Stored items
section \<open>Invariant ideals of diagonal loops\<close>

lemma power_sums_eq_0_imp_coeffs_eq_0:
  fixes a :: "'a::idom \<Rightarrow> 'a"
  assumes "finite Z" and "\<And>n. (\<Sum>z\<in>Z. a z * z ^ n) = 0"
  shows "\<forall>z\<in>Z. a z = 0"
  using assms
proof (induction Z arbitrary: a rule: finite_induct)
  case empty
  then show ?case by simp
next
  case (insert z0 Z)
  have "(\<Sum>z\<in>Z. (a z * (z - z0)) * z ^ n) = 0" for n
  proof -
    have "(\<Sum>z\<in>Z. (a z * (z - z0)) * z ^ n) = (\<Sum>z\<in>insert z0 Z. a z * (z - z0) * z ^ n)"
      using insert(1,2) by simp
    also have "\<dots> = (\<Sum>z\<in>insert z0 Z. a z * z ^ Suc n) - z0 * (\<Sum>z\<in>insert z0 Z. a z * z ^ n)"
      by (simp add: algebra_simps sum_subtractf sum_distrib_left)
    also have "\<dots> = 0"
      by (simp only: insert.prems) simp
    finally show ?thesis .
  qed
  then have "\<forall>z\<in>Z. a z * (z - z0) = 0"
    by (rule insert.IH)
  then have "\<forall>z\<in>Z. a z = 0"
    using insert(2) by auto
  moreover have "(\<Sum>z\<in>insert z0 Z. a z * z ^ 0) = 0"
    by (rule insert.prems)
  ultimately show ?case
    using insert(1,2) by simp
qed

lemma class_sums_eq_0_if_power_sums_eq_0:
  fixes h :: "'b \<Rightarrow> 'a::idom"
  assumes "finite K" and "\<And>n. (\<Sum>m\<in>K. c m * h m ^ n) = 0" and "m0 \<in> K"
  shows "(\<Sum>m | m \<in> K \<and> h m = h m0. c m) = 0"
proof -
  define a where "a z = (\<Sum>m | m \<in> K \<and> h m = z. c m)" for z
  have "(\<Sum>z\<in>h ` K. a z * z ^ n) = 0" for n
  proof -
    have "(\<Sum>z\<in>h ` K. a z * z ^ n) = (\<Sum>z\<in>h ` K. \<Sum>m | m \<in> K \<and> h m = z. c m * h m ^ n)"
      unfolding a_def by (intro sum.cong refl) (simp add: sum_distrib_right)
    also have "\<dots> = (\<Sum>m\<in>K. c m * h m ^ n)"
      using sum.image_gen[OF assms(1), of "\<lambda>m. c m * h m ^ n" h] by simp
    finally show ?thesis
      using assms(2) by simp
  qed
  then have "\<forall>z\<in>h ` K. a z = 0"
    using assms(1) by (intro power_sums_eq_0_imp_coeffs_eq_0) auto
  then show ?thesis
    using assms(3) by (simp add: a_def)
qed

definition binomials :: "nat \<Rightarrow> ((nat \<Rightarrow>\<^sub>0 nat) \<Rightarrow> 'a) \<Rightarrow> mpoly set" where
  "binomials d h = {monom a - monom b | a b. mon_in_vars d a \<and> mon_in_vars d b \<and> h a = h b}"

lemma sum_single_eq_0_if_fibre_sums_eq_0:
  assumes "finite K" and "\<And>m0. m0 \<in> K \<Longrightarrow> (\<Sum>m | m \<in> K \<and> r m = r m0. c m) = 0"
  shows "(\<Sum>m\<in>K. Poly_Mapping.single (r m) (c m)) = 0"
proof (rule poly_mapping_eqI)
  fix \<rho>
  have "Poly_Mapping.lookup (\<Sum>m\<in>K. Poly_Mapping.single (r m) (c m)) \<rho> = (\<Sum>m | m \<in> K \<and> r m = \<rho>. c m)"
    using assms(1) by (simp add: lookup_sum lookup_single when_def sum.inter_filter)
  also have "\<dots> = 0"
  proof (cases "\<exists>m0\<in>K. r m0 = \<rho>")
    case True
    then show ?thesis
      using assms(2) by auto
  next
    case False
    then show ?thesis
      by (intro sum.neutral) auto
  qed
  finally show "Poly_Mapping.lookup (\<Sum>m\<in>K. Poly_Mapping.single (r m) (c m)) \<rho>
      = Poly_Mapping.lookup 0 \<rho>"
    by simp
qed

__EXERCISE DESCRIPTION__.
Keeping every line exactly as it is, retype the entries shown above.

__EXERCISE RESULT__.
section \<open>Invariant ideals of diagonal loops\<close>

lemma power_sums_eq_0_imp_coeffs_eq_0:
  fixes a :: "'a::idom \<Rightarrow> 'a"
  assumes "finite Z" and "\<And>n. (\<Sum>z\<in>Z. a z * z ^ n) = 0"
  shows "\<forall>z\<in>Z. a z = 0"
  using assms
proof (induction Z arbitrary: a rule: finite_induct)
  case empty
  then show ?case by simp
next
  case (insert z0 Z)
  have "(\<Sum>z\<in>Z. (a z * (z - z0)) * z ^ n) = 0" for n
  proof -
    have "(\<Sum>z\<in>Z. (a z * (z - z0)) * z ^ n) = (\<Sum>z\<in>insert z0 Z. a z * (z - z0) * z ^ n)"
      using insert(1,2) by simp
    also have "\<dots> = (\<Sum>z\<in>insert z0 Z. a z * z ^ Suc n) - z0 * (\<Sum>z\<in>insert z0 Z. a z * z ^ n)"
      by (simp add: algebra_simps sum_subtractf sum_distrib_left)
    also have "\<dots> = 0"
      by (simp only: insert.prems) simp
    finally show ?thesis .
  qed
  then have "\<forall>z\<in>Z. a z * (z - z0) = 0"
    by (rule insert.IH)
  then have "\<forall>z\<in>Z. a z = 0"
    using insert(2) by auto
  moreover have "(\<Sum>z\<in>insert z0 Z. a z * z ^ 0) = 0"
    by (rule insert.prems)
  ultimately show ?case
    using insert(1,2) by simp
qed

lemma class_sums_eq_0_if_power_sums_eq_0:
  fixes h :: "'b \<Rightarrow> 'a::idom"
  assumes "finite K" and "\<And>n. (\<Sum>m\<in>K. c m * h m ^ n) = 0" and "m0 \<in> K"
  shows "(\<Sum>m | m \<in> K \<and> h m = h m0. c m) = 0"
proof -
  define a where "a z = (\<Sum>m | m \<in> K \<and> h m = z. c m)" for z
  have "(\<Sum>z\<in>h ` K. a z * z ^ n) = 0" for n
  proof -
    have "(\<Sum>z\<in>h ` K. a z * z ^ n) = (\<Sum>z\<in>h ` K. \<Sum>m | m \<in> K \<and> h m = z. c m * h m ^ n)"
      unfolding a_def by (intro sum.cong refl) (simp add: sum_distrib_right)
    also have "\<dots> = (\<Sum>m\<in>K. c m * h m ^ n)"
      using sum.image_gen[OF assms(1), of "\<lambda>m. c m * h m ^ n" h] by simp
    finally show ?thesis
      using assms(2) by simp
  qed
  then have "\<forall>z\<in>h ` K. a z = 0"
    using assms(1) by (intro power_sums_eq_0_imp_coeffs_eq_0) auto
  then show ?thesis
    using assms(3) by (simp add: a_def)
qed

definition binomials :: "nat \<Rightarrow> ((nat \<Rightarrow>\<^sub>0 nat) \<Rightarrow> 'a) \<Rightarrow> mpoly set" where
  "binomials d h = {monom a - monom b | a b. mon_in_vars d a \<and> mon_in_vars d b \<and> h a = h b}"

lemma sum_single_eq_0_if_fibre_sums_eq_0:
  assumes "finite K" and "\<And>m0. m0 \<in> K \<Longrightarrow> (\<Sum>m | m \<in> K \<and> r m = r m0. c m) = 0"
  shows "(\<Sum>m\<in>K. Poly_Mapping.single (r m) (c m)) = 0"
proof (rule poly_mapping_eqI)
  fix \<rho>
  have "Poly_Mapping.lookup (\<Sum>m\<in>K. Poly_Mapping.single (r m) (c m)) \<rho> = (\<Sum>m | m \<in> K \<and> r m = \<rho>. c m)"
    using assms(1) by (simp add: lookup_sum lookup_single when_def sum.inter_filter)
  also have "\<dots> = 0"
  proof (cases "\<exists>m0\<in>K. r m0 = \<rho>")
    case True
    then show ?thesis
      using assms(2) by auto
  next
    case False
    then show ?thesis
      by (intro sum.neutral) auto
  qed
  finally show "Poly_Mapping.lookup (\<Sum>m\<in>K. Poly_Mapping.single (r m) (c m)) \<rho>
      = Poly_Mapping.lookup 0 \<rho>"
    by simp
qed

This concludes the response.